National Enquirer Parent Company Settled With Feds Over Payment To Alleged Trump Mistress
Prosecutors in New York revealed Wednesday that they reached a “non-prosecution agreement” with American Media Inc., the parent company of the National Enquirer, over a $150,000 payment made to a woman who claimed she had an affair with President Donald Trump.
“As a part of the agreement, AMI admitted that it made the $150,000 payment in concert with a candidate’s presidential campaign, and in order to ensure that the woman did not publicize damaging allegations about the candidate before the 2016 presidential election,” prosecutors revealed in a Department of Justice press release following the sentencing of Michael Cohen, the former Trump attorney who helped orchestrate the payoff.
As has been reported, Cohen negotiated with AMI executives during the 2016 presidential campaign to pay $150,000 to Karen McDougal, a Playboy playmate who claims she had an affair with Trump.
Cohen was sentenced Wednesday to three years in prison for tax evasion, bank fraud and making illegal campaign contributions related a payment made to another alleged Trump mistress: Stormy Daniels.
The former Trump fixer pleaded guilty to the charges on Aug. 21. The illegal campaign contribution charge was for a $130,000 payment that Cohen made in October 2016 to Daniels, a porn star who claims she had an affair with Trump in 2006.
Cohen acknowledged that he made the payment to Daniels through a shell company, and that he orchestrated the scheme on the instruction of Trump.
Trump downplayed the Daniels payment in an interview Tuesday with Reuters.
“Number one, it wasn’t a campaign contribution,” Trump said. “If it were, it’s only civil, and even if it’s only civil, there was no violation based on what we did.
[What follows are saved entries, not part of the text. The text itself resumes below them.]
text \<open>With \<open>T = R\<^sub>1 - R\<^sub>2\<close>, the identity \<open>R\<^sub>1 T + T R\<^sub>2 = 0\<close> gives
  \<open>tr(T R\<^sub>1 T) + tr(T R\<^sub>2 T) = 0\<close> with both terms nonnegative, so \<open>R\<^sub>1 T = R\<^sub>2 T = 0\<close>
  and hence \<open>T\<^sup>2 = 0\<close>.\<close>
lemma psd_square_inj:
  assumes R1: "psd R1" and R2: "psd R2" and eq: "R1 ** R1 = (R2::real^'n^'n) ** R2"
  shows "R1 = R2"
proof -
  define T where "T = R1 - R2"
  have T: "transpose T = T"
    using psd_symmetric[OF R1] psd_symmetric[OF R2] by (simp add: T_def transpose_diff)
  have "R1 ** T + T ** R2 = 0"
    using eq by (simp add: T_def matrix_diff_ldistrib matrix_diff_rdistrib matrix_mul_assoc)
  hence "T ** (R1 ** T + T ** R2) = 0" by (simp add: vec_eq_iff matrix_matrix_mult_def)
  hence "trace (T ** (R1 ** T)) + trace (T ** (T ** R2)) = 0"
    by (metis matrix_add_ldistrib trace_add trace_0 mat_0)
  moreover have "trace (T ** (T ** R2)) = trace (T ** (R2 ** T))"
    by (metis matrix_mul_assoc trace_mul_sym)
  moreover have "trace (T ** (R1 ** T)) \<ge> 0" "trace (T ** (R2 ** T)) \<ge> 0"
    using R1 R2 by (auto simp: trace_symmetric_conj[OF T] psd_def intro: sum_nonneg)
  ultimately have "R1 ** T = 0" "R2 ** T = 0"
    using psd_trace_conj_eq_0[OF R1 T] psd_trace_conj_eq_0[OF R2 T] by linarith+
  hence "T ** T = 0" by (simp add: T_def matrix_diff_rdistrib)
  have "T$i \<bullet> T$i = (T ** T)$i$i" for i
    by (simp add: matrix_matrix_mult_def inner_vec_def symmetric_entry[OF T, of _ i])
  with \<open>T ** T = 0\<close> show ?thesis by (simp add: T_def vec_eq_iff)
qed

lemma psd_sqrt_eqI: "psd S \<Longrightarrow> S ** S = A \<Longrightarrow> psd_sqrt A = S"
  unfolding psd_sqrt_def by (rule the_equality) (auto intro: psd_square_inj)

lemma psd_conjugate:
  assumes G: "psd G"
  shows "psd (W ** G ** transpose (W::real^'k^'m))"
proof -
  have "x \<bullet> ((W ** G ** transpose W) *v x) = (transpose W *v x) \<bullet> (G *v (transpose W *v x))" for x
    by (simp add: matrix_vector_mul_assoc[symmetric] dot_lmul_matrix[symmetric])
  thus ?thesis
    using G by (simp add: psd_def matrix_transpose_mul matrix_mul_assoc)
qed

lemma psd_diagonal:
  assumes "\<forall>i j. i \<noteq> j \<longrightarrow> D$i$j = 0" and "\<forall>i. D$i$i \<ge> 0"
  shows "psd (D::real^'k::finite^'k)"
proof -
  have "y \<bullet> (D *v y) = (\<Sum>i\<in>UNIV. D$i$i * (y$i * y$i))" for y
  proof -
    have "y \<bullet> (D *v y) = (\<Sum>i\<in>UNIV. y$i * (\<Sum>j\<in>UNIV. if j = i then D$i$i * y$j else 0))"
      unfolding inner_vec_def matrix_vector_mult_def vec_lambda_beta inner_real_def
      using assms(1) by (intro sum.cong refl arg_cong2[where f = "(*)"]) auto
    thus ?thesis by (simp add: algebra_simps)
  qed
  moreover have "transpose D = D"
    using assms(1) unfolding vec_eq_iff transpose_def by (metis vec_lambda_beta)
  ultimately show ?thesis
    using assms(2) by (simp add: psd_def sum_nonneg)
qed

section \<open>Polar decomposition\<close>

definition polar_decomposition :: "real^'k^'m \<Rightarrow> real^'k^'m \<Rightarrow> real^'k^'k \<Rightarrow> bool" where
  "polar_decomposition M Z G \<longleftrightarrow> Z \<in> stiefel \<and> psd G \<and> M = Z ** G"

lemma trace_maximizer_polar_decomposition:
  fixes M :: "real^'k::finite^'m::finite"
  assumes Z: "Z \<in> stiefel"
    and max: "\<And>Z'. Z' \<in> stiefel \<Longrightarrow> trace (transpose Z' ** M) \<le> trace (transpose Z ** M)"
  shows "polar_decomposition M Z (transpose Z ** M)"
proof -
  interpret orthonormal_maximizer "\<lambda>j. column j Z" "\<lambda>j. column j M"
  proof
    show "orthonormal_family (\<lambda>j. column j Z)"
      using Z by (simp add: stiefel_iff_orthonormal_columns)
    fix f :: "'k \<Rightarrow> real^'m"
    assume "orthonormal_family f"
    hence "(\<chi> i j. f j $ i) \<in> stiefel"
      by (simp add: stiefel_iff_orthonormal_columns column_def)
    from max[OF this] show "(\<Sum>j\<in>UNIV. f j \<bullet> column j M) \<le> (\<Sum>j\<in>UNIV. column j Z \<bullet> column j M)"
      by (simp add: trace_transpose_mult column_def)
  qed
  define G where "G = transpose Z ** M"
  have G: "G$a$b = column a Z \<bullet> column b M" for a b
    by (simp add: G_def matrix_matrix_mult_def transpose_def column_def inner_vec_def)
  have G': "G$a$b = column b Z \<bullet> column a M" for a b
    by (simp add: G inner_swap)
  have "transpose G = G" by (auto simp: vec_eq_iff transpose_def G intro: inner_swap)
  moreover have "x \<bullet> (G *v x) \<ge> 0" for x
    using quadratic_form_nonneg[of x]
    by (simp add: inner_vec_def matrix_vector_mult_def G' mult.commute)
  moreover have "M = Z ** G"
  proof -
    have "M$i$b = (Z ** G)$i$b" for i b
      using arg_cong[OF in_span[of b], of "\<lambda>v. v$i"]
      by (simp add: matrix_matrix_mult_def G column_def mult.commute)
    thus ?thesis by (simp add: vec_eq_iff)
  qed
  ultimately show ?thesis
    using Z unfolding polar_decomposition_def psd_def G_def[symmetric] by blast
qed

lemma polar_decomposition_exists:
  fixes M :: "real^'k::finite^'m::finite"
  assumes "CARD('k) \<le> CARD('m)"
  obtains Z G where "polar_decomposition M Z G"
proof -
  obtain Z where "Z \<in> stiefel"
    and "\<And>Z'. Z' \<in> stiefel \<Longrightarrow> trace (transpose Z' ** M) \<le> trace (transpose Z ** M)"
    using stiefel_trace_maximizer_exists[OF assms] by blast
  hence "polar_decomposition M Z (transpose Z ** M)"
    by (rule trace_maximizer_polar_decomposition)
  thus thesis by (rule that)
qed

lemma polar_decomposition_transpose_mult:
  assumes "polar_decomposition M Z G"
  shows "transpose Z ** M = G"
proof -
  have "transpose Z ** M = (transpose Z ** Z) ** G"
    using assms by (simp add: polar_decomposition_def matrix_mul_assoc)
  thus ?thesis using assms by (simp add: polar_decomposition_def stiefel_def)
qed

lemma polar_decomposition_gram:
  assumes "polar_decomposition M Z G"
  shows "transpose M ** M = G ** G"
proof -
  have "transpose M ** M = transpose G ** ((transpose Z ** Z) ** G)"
    using assms by (simp add: polar_decomposition_def matrix_transpose_mul matrix_mul_assoc)
  thus ?thesis
    using assms by (simp add: polar_decomposition_def stiefel_def psd_symmetric)
qed

lemma polar_decomposition_psd_sqrt:
  assumes "polar_decomposition M Z G"
  shows "psd_sqrt (transpose M ** M) = G"
proof (rule psd_sqrt_eqI)
  show "psd G" using assms by (simp add: polar_decomposition_def)
  show "G ** G = transpose M ** M" using polar_decomposition_gram[OF assms] by simp
qed

lemma trace_polar_decomposition:
  "polar_decomposition M Z G \<Longrightarrow> trace (transpose Z ** M) = trace (psd_sqrt (transpose M ** M))"
  by (simp add: polar_decomposition_transpose_mult polar_decomposition_psd_sqrt)

lemma trace_stiefel_le_trace_psd_sqrt:
  fixes M :: "real^'k::finite^'m::finite"
  assumes "CARD('k) \<le> CARD('m)" and "Z \<in> stiefel"
  shows "trace (transpose Z ** M) \<le> trace (psd_sqrt (transpose M ** M))"
proof -
  obtain Z0 where "Z0 \<in> stiefel"
    and max: "\<And>Z'. Z' \<in> stiefel \<Longrightarrow> trace (transpose Z' ** M) \<le> trace (transpose Z0 ** M)"
    using stiefel_trace_maximizer_exists[OF assms(1)] by blast
  hence "polar_decomposition M Z0 (transpose Z0 ** M)"
    by (rule trace_maximizer_polar_decomposition)
  with max[OF assms(2)] show ?thesis by (simp add: trace_polar_decomposition)
qed

lemma thin_svd_polar_decomposition:
  assumes "thin_svd M U D V"
  shows "polar_decomposition M (U ** transpose V) (V ** D ** transpose V)"
proof -
  have U: "U \<in> stiefel" and V: "orthogonal_matrix V" and M: "M = U ** D ** transpose V"
    and D: "psd D"
    using assms psd_diagonal by (auto simp: thin_svd_def)
  have "(U ** transpose V) ** (V ** D ** transpose V) = U ** (transpose V ** V) ** D ** transpose V"
    by (simp add: matrix_mul_assoc)
  thus ?thesis
    using V by (simp add: polar_decomposition_def stiefel_mult_orthogonal[OF U V] psd_conjugate[OF D]
        orthogonal_matrix_def M)
qed

text \<open>\<open>X\<close> is padded with zero rows so that a polar decomposition exists even if \<open>N < P\<close>.\<close>
lemma psd_sqrt_gram:
  fixes X :: "real^'p::finite^'n::finite"
  shows "psd (psd_sqrt (transpose X ** X))"
    and "psd_sqrt (transpose X ** X) ** psd_sqrt (transpose X ** X) = transpose X ** X"
proof -
  define X' :: "real^'p^('n + 'p)" where "X' = (\<chi> i. case i of Inl a \<Rightarrow> X$a | Inr b \<Rightarrow> 0)"
  have "CARD('p) \<le> CARD('n + 'p)"
    by (rule card_inj_on_le[of Inr]) (auto simp: inj_on_def)
  then obtain Z G where ZG: "polar_decomposition X' Z G"
    by (rule polar_decomposition_exists)
  have "(\<Sum>i\<in>UNIV. f i) = (\<Sum>a\<in>UNIV. f (Inl a)) + (\<Sum>b\<in>UNIV. f (Inr b))"
    for f :: "'n + 'p \<Rightarrow> real"
    using sum.Plus[of "UNIV::'n set" "UNIV::'p set" f] by simp
  hence "transpose X' ** X' = transpose X ** X"
    by (simp add: vec_eq_iff matrix_matrix_mult_def transpose_def X'_def)
  hence "psd_sqrt (transpose X ** X) = G" and "G ** G = transpose X ** X"
    using polar_decomposition_psd_sqrt[OF ZG] polar_decomposition_gram[OF ZG] by simp_all
  moreover have "psd G" using ZG by (simp add: polar_decomposition_def)
  ultimately show "psd (psd_sqrt (transpose X ** X))"
    and "psd_sqrt (transpose X ** X) ** psd_sqrt (transpose X ** X) = transpose X ** X"
    by simp_all
qed

lemma trace_psd_sqrt_mult_transpose:
  fixes M :: "real^'k::finite^'m::finite"
  assumes "CARD('k) \<le> CARD('m)"
  shows "trace (psd_sqrt (M ** transpose M)) = trace (psd_sqrt (transpose M ** M))"
proof -
  obtain Z G where ZG: "polar_decomposition M Z G"
    using polar_decomposition_exists[OF assms] .
  hence Z: "transpose Z ** Z = mat 1" and G: "psd G" and M: "M = Z ** G"
    by (simp_all add: polar_decomposition_def stiefel_def)
  have "(Z ** G ** transpose Z) ** (Z ** G ** transpose Z)
      = (Z ** G) ** (transpose Z ** Z) ** (G ** transpose Z)"
    by (simp add: matrix_mul_assoc)
  also have "\<dots> = (Z ** G) ** transpose (Z ** G)"
    by (simp add: Z matrix_transpose_mul psd_symmetric[OF G])
  finally have "(Z ** G ** transpose Z) ** (Z ** G ** transpose Z) = M ** transpose M"
    by (simp add: M)
  hence "psd_sqrt (M ** transpose M) = Z ** G ** transpose Z"
    by (rule psd_sqrt_eqI[OF psd_conjugate[OF G]])
  moreover have "trace (Z ** G ** transpose Z) = trace (transpose Z ** (Z ** G))"
    by (rule trace_mul_sym)
  hence "trace (Z ** G ** transpose Z) = trace G"
    by (simp add: Z matrix_mul_assoc)
  ultimately show ?thesis by (simp add: polar_decomposition_psd_sqrt[OF ZG])
qed

section \<open>The two objectives\<close>

lemma trace_transpose: "trace (transpose A) = trace (A::real^'n^'n)"
  by (simp add: trace_def transpose_def)

lemma frob_norm_sq_trace: "(frob_norm B)\<^sup>2 = trace (transpose B ** B)"
proof -
  have "(frob_norm B)\<^sup>2 = (\<Sum>i\<in>UNIV. \<Sum>j\<in>UNIV. (B$i$j)\<^sup>2)"
    unfolding frob_norm_def by (simp add: sum_nonneg)
  also have "\<dots> = trace (transpose B ** B)"
    by (simp add: trace_def matrix_matrix_mult_def transpose_def power2_eq_square) (rule sum.swap)
  finally show ?thesis .
qed

lemma frob_norm_sq_stiefel:
  fixes X :: "real^'p::finite^'n::finite" and L :: "real^'k::finite^'p"
  assumes Z: "Z \<in> stiefel"
  shows "(frob_norm (X - Z ** transpose L))\<^sup>2
     = trace (transpose X ** X) - 2 * trace (transpose Z ** (X ** L)) + trace (L ** transpose L)"
proof -
  have "transpose (X - Z ** transpose L) ** (X - Z ** transpose L)
     = transpose X ** X - transpose X ** (Z ** transpose L) - (L ** transpose Z) ** X
       + (L ** transpose Z) ** (Z ** transpose L)"
    by (simp add: transpose_diff matrix_transpose_mul matrix_diff_ldistrib matrix_diff_rdistrib)
  moreover have "trace ((L ** transpose Z) ** X) = trace (transpose Z ** (X ** L))"
    using trace_mul_sym[of L "transpose Z ** X"] by (simp add: matrix_mul_assoc)
  moreover have "trace (transpose X ** (Z ** transpose L)) = trace ((L ** transpose Z) ** X)"
    using trace_transpose[of "transpose X ** (Z ** transpose L)"]
    by (simp add: matrix_transpose_mul matrix_mul_assoc)
  moreover have "(L ** transpose Z) ** (Z ** transpose L) = L ** ((transpose Z ** Z) ** transpose L)"
    by (simp add: matrix_mul_assoc)
  ultimately show ?thesis
    using Z by (simp add: stiefel_def frob_norm_sq_trace trace_add trace_sub)
qed

lemma bw_dist_gram_sq:
  fixes X :: "real^'p::finite^'n::finite" and L :: "real^'k::finite^'p"
  assumes "CARD('k) \<le> CARD('n)" and "CARD('k) \<le> CARD('p)"
  shows "(bw_dist (transpose X ** X) (L ** transpose L))\<^sup>2
     = trace (transpose X ** X) - 2 * trace (psd_sqrt (transpose (X ** L) ** (X ** L)))
       + trace (L ** transpose L)"
proof -
  define S where "S = psd_sqrt (transpose X ** X)"
  have S: "transpose S = S" "S ** S = transpose X ** X"
    using psd_sqrt_gram[of X] by (simp_all add: S_def psd_symmetric)
  have "S ** (L ** transpose L) ** S = (S ** L) ** transpose (S ** L)"
    by (simp add: matrix_transpose_mul S matrix_mul_assoc)
  moreover have "transpose (S ** L) ** (S ** L) = transpose (X ** L) ** (X ** L)"
  proof -
    have "transpose (S ** L) ** (S ** L) = transpose L ** (S ** S) ** L"
      by (simp add: matrix_transpose_mul S(1) matrix_mul_assoc)
    thus ?thesis by (simp add: matrix_transpose_mul S(2) matrix_mul_assoc)
  qed
  ultimately have tr: "trace (psd_sqrt (S ** (L ** transpose L) ** S))
      = trace (psd_sqrt (transpose (X ** L) ** (X ** L)))"
    using trace_psd_sqrt_mult_transpose[OF assms(2), of "S ** L"] by simp
  obtain Z G where ZG: "polar_decomposition (X ** L) Z G"
    using polar_decomposition_exists[OF assms(1)] .
  have "0 \<le> (frob_norm (X - Z ** transpose L))\<^sup>2" by simp
  also have "\<dots> = trace (transpose X ** X) - 2 * trace (psd_sqrt (transpose (X ** L) ** (X ** L)))
       + trace (L ** transpose L)"
    using ZG frob_norm_sq_stiefel[of Z X L] trace_polar_decomposition[OF ZG]
    by (simp add: polar_decomposition_def)
  finally show ?thesis
    unfolding bw_dist_def S_def[symmetric] tr by simp
qed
OK?”
Cohen did not pay off McDougal, as he did with Daniels, though he did set up a shell company after discussing the matter with AMI executives, including its chairman, David Pecker.
Pecker reportedly received immunity in discussions with prosecutors investigating the McDougal payment.
Prosecutors revealed Wednesday that AMI admitted that the “principal purpose” in making the payment to McDougal “was to suppress the woman’s story so as to prevent it from influencing the election.”
Prosecutors acknowledged AMI’s “substantial and important assistance” in its investigation.
Prosecutors said in a court filing on Dec. 7 that Pecker met with Cohen and Trump in August 2014 and “offered to help deal with negative stories about [Trump’s] relationships with women by identifying such stories so that they could be purchased and ‘killed.’”
After an editor at National Enquirer contacted Pecker and told him about McDougal’s story and then contacted Cohen to inform him about an offer to purchase her story for $150,000.
“At Cohen’s urging and with his promise that Corporation-1 would be reimbursed, Editor-1 began negotiating the purchase of Woman-1’s story,” reads the memo.
AMI entered an agreement with McDougal on Aug. 5, 2016.